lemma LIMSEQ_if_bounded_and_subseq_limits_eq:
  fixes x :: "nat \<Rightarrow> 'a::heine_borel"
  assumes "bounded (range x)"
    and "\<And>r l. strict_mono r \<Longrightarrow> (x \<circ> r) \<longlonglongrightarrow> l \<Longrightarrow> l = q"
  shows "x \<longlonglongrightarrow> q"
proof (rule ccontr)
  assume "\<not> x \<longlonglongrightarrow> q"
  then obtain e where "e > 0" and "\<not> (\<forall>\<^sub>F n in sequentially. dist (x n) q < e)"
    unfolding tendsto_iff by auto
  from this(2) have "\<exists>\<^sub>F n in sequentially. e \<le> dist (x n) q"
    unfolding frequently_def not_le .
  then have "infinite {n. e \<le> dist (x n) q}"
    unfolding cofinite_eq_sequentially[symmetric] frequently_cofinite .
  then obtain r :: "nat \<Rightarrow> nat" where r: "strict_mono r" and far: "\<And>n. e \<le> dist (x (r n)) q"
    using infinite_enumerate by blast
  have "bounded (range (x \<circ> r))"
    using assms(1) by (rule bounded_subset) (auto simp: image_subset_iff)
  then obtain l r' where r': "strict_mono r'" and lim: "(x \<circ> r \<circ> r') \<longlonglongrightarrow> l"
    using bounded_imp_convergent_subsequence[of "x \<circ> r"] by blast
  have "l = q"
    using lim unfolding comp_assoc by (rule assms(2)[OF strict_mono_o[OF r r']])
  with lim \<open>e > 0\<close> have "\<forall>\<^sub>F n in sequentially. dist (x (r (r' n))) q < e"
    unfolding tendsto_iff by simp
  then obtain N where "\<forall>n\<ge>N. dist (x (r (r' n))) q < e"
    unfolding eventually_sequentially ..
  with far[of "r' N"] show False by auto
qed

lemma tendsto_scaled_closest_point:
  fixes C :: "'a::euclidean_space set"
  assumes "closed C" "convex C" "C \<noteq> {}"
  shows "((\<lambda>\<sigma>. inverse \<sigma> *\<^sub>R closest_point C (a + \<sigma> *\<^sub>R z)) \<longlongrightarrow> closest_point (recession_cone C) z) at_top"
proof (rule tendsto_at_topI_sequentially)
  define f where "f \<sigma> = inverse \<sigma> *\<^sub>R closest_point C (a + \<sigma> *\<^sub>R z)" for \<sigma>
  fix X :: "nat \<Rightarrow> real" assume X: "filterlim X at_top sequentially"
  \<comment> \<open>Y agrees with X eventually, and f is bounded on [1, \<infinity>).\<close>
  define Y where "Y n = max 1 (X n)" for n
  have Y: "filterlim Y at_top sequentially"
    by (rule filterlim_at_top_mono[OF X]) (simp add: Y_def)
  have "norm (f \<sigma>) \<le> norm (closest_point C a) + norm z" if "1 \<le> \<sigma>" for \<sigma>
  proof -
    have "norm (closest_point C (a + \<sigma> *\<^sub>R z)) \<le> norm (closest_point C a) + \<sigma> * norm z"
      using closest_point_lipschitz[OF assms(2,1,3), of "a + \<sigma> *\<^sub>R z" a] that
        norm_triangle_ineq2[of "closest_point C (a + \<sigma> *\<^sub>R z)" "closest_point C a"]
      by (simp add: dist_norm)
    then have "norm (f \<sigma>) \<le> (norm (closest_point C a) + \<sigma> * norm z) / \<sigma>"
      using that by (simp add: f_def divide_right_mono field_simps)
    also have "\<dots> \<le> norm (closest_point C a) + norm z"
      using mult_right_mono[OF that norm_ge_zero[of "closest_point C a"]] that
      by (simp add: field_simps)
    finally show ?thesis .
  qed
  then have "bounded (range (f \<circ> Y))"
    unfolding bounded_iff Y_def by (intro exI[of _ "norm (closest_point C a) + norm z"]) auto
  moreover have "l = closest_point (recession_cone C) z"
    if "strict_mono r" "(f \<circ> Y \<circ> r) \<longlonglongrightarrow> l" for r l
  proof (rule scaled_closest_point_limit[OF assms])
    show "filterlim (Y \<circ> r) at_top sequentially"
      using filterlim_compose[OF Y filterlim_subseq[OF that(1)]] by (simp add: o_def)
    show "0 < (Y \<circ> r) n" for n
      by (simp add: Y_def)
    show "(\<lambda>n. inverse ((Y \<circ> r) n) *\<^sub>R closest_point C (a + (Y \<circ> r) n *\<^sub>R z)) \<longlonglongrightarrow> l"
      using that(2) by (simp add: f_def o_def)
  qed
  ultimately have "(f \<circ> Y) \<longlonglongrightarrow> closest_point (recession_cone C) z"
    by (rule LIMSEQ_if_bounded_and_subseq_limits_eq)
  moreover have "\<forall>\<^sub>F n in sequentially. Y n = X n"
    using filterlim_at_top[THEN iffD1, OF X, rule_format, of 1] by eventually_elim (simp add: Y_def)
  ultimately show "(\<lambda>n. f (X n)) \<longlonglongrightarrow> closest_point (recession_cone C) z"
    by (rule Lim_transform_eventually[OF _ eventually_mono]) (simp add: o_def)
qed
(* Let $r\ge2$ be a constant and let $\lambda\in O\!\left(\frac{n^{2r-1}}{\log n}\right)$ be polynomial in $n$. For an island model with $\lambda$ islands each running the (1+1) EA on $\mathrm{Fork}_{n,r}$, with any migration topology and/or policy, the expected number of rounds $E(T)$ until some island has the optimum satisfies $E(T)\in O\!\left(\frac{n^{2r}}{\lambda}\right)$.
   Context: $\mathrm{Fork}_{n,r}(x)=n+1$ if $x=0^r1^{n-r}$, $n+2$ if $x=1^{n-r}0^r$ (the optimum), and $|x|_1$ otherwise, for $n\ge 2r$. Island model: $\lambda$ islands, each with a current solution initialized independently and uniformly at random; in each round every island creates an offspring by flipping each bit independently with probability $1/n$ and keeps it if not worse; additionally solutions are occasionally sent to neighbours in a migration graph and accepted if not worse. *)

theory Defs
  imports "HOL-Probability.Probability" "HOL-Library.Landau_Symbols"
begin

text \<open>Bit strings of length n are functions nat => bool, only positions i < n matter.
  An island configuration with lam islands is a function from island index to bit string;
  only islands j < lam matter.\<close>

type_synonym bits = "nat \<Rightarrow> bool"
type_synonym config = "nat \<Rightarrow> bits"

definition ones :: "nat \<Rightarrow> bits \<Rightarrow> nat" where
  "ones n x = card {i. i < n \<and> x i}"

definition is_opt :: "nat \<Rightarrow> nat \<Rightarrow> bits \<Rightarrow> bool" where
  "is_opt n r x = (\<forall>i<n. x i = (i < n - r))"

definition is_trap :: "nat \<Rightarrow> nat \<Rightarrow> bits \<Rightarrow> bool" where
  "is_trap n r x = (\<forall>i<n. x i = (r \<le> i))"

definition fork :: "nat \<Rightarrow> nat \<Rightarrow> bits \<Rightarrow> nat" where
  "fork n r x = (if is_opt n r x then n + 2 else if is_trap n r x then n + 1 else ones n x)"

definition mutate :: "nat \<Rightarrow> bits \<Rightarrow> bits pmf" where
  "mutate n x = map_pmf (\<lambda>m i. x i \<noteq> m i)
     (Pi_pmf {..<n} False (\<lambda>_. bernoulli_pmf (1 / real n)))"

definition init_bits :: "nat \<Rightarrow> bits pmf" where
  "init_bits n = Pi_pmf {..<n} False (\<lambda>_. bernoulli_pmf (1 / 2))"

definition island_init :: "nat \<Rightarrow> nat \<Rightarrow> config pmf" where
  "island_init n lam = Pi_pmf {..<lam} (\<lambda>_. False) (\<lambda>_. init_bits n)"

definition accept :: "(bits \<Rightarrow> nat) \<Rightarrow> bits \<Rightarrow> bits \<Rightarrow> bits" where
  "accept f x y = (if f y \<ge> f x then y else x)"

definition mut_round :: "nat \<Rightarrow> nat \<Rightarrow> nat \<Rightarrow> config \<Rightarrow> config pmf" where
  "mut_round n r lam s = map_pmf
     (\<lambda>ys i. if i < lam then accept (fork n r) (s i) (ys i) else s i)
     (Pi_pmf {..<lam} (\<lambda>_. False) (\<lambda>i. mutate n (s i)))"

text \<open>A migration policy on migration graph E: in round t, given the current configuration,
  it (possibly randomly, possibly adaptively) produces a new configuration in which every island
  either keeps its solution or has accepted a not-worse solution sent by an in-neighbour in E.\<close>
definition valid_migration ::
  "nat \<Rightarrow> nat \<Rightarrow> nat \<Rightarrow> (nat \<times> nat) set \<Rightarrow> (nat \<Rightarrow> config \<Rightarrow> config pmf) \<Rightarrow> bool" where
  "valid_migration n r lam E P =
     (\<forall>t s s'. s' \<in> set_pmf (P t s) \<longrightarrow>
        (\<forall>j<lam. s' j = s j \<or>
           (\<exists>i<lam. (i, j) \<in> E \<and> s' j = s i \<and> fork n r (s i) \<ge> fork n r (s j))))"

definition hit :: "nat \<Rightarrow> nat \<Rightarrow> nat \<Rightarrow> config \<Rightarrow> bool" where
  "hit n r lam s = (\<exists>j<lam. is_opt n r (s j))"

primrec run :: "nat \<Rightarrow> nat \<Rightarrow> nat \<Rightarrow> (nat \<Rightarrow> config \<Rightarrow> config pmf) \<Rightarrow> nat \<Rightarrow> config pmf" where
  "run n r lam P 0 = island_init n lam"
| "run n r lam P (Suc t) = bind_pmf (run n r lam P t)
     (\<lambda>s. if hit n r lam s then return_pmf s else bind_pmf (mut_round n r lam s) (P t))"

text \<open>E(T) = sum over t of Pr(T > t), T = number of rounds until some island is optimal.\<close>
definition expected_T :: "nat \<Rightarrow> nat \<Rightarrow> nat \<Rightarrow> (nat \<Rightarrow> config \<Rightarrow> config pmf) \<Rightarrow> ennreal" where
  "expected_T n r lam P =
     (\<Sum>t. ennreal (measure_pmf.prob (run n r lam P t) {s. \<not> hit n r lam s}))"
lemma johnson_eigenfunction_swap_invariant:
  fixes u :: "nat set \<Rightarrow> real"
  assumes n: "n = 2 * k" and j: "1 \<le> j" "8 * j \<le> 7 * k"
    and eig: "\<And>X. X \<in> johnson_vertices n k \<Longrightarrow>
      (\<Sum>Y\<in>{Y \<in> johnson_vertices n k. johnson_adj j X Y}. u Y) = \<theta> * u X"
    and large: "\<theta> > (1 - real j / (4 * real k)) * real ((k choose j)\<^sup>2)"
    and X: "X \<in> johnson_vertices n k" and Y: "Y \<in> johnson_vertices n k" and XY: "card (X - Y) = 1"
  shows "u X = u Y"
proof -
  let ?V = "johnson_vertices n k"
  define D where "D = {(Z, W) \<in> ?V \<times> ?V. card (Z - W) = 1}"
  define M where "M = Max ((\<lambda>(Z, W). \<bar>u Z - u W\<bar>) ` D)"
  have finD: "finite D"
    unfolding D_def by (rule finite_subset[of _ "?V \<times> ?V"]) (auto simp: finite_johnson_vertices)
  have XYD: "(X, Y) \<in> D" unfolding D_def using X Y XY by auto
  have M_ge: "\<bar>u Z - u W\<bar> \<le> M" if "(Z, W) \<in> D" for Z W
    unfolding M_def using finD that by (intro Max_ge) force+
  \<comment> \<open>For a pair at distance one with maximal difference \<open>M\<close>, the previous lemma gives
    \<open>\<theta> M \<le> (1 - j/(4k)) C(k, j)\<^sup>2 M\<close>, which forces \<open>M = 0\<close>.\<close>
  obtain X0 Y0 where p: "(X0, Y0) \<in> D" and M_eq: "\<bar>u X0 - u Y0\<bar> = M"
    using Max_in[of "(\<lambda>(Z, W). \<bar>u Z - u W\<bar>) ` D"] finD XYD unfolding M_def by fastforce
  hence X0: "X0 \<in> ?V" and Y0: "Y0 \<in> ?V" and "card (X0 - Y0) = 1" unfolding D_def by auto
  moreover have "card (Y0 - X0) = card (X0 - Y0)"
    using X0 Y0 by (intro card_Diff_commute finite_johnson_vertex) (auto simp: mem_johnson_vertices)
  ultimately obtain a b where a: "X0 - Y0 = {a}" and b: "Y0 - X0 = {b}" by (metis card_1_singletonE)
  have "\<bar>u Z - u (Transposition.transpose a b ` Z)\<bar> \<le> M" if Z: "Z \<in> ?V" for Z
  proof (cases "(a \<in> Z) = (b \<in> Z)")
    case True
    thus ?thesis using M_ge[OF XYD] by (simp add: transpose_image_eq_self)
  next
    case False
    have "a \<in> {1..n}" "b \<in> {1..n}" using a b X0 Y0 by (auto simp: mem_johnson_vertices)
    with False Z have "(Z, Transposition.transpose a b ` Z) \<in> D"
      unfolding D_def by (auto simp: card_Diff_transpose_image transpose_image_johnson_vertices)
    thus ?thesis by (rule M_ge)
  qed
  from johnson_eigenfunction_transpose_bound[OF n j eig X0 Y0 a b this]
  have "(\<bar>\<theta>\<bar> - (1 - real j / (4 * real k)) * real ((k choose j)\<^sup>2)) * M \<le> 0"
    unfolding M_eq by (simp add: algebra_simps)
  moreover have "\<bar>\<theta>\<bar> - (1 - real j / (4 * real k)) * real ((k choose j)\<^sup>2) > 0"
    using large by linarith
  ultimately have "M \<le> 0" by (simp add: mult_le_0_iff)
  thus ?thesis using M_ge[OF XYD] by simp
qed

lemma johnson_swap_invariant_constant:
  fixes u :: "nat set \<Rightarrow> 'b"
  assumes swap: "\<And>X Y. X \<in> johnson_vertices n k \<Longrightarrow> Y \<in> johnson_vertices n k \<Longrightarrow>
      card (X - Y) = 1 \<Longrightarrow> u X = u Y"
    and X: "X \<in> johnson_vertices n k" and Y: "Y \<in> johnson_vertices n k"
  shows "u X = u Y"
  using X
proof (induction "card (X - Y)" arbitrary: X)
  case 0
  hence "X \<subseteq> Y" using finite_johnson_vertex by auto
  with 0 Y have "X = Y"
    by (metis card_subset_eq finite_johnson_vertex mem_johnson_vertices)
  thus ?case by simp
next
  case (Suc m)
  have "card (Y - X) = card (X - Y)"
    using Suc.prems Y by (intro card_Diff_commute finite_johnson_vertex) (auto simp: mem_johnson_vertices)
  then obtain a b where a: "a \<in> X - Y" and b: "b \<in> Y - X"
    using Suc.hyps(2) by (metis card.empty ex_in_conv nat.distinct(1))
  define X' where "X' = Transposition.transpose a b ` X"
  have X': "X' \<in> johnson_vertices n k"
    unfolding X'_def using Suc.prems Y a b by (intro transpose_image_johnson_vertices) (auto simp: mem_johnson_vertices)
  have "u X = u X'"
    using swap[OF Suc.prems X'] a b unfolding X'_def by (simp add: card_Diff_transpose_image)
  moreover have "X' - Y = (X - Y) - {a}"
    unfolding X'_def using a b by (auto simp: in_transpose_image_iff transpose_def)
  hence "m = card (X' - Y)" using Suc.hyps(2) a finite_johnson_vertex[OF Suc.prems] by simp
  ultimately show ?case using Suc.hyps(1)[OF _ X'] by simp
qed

#### [Aim of the exercise]
Filter the entries by the string "comment" and copy each matching line.

#### [Solved exercise]
  \<comment> \<open>Y agrees with X eventually, and f is bounded on [1, \<infinity>).\<close>
  \<comment> \<open>For a pair at distance one with maximal difference \<open>M\<close>, the previous lemma gives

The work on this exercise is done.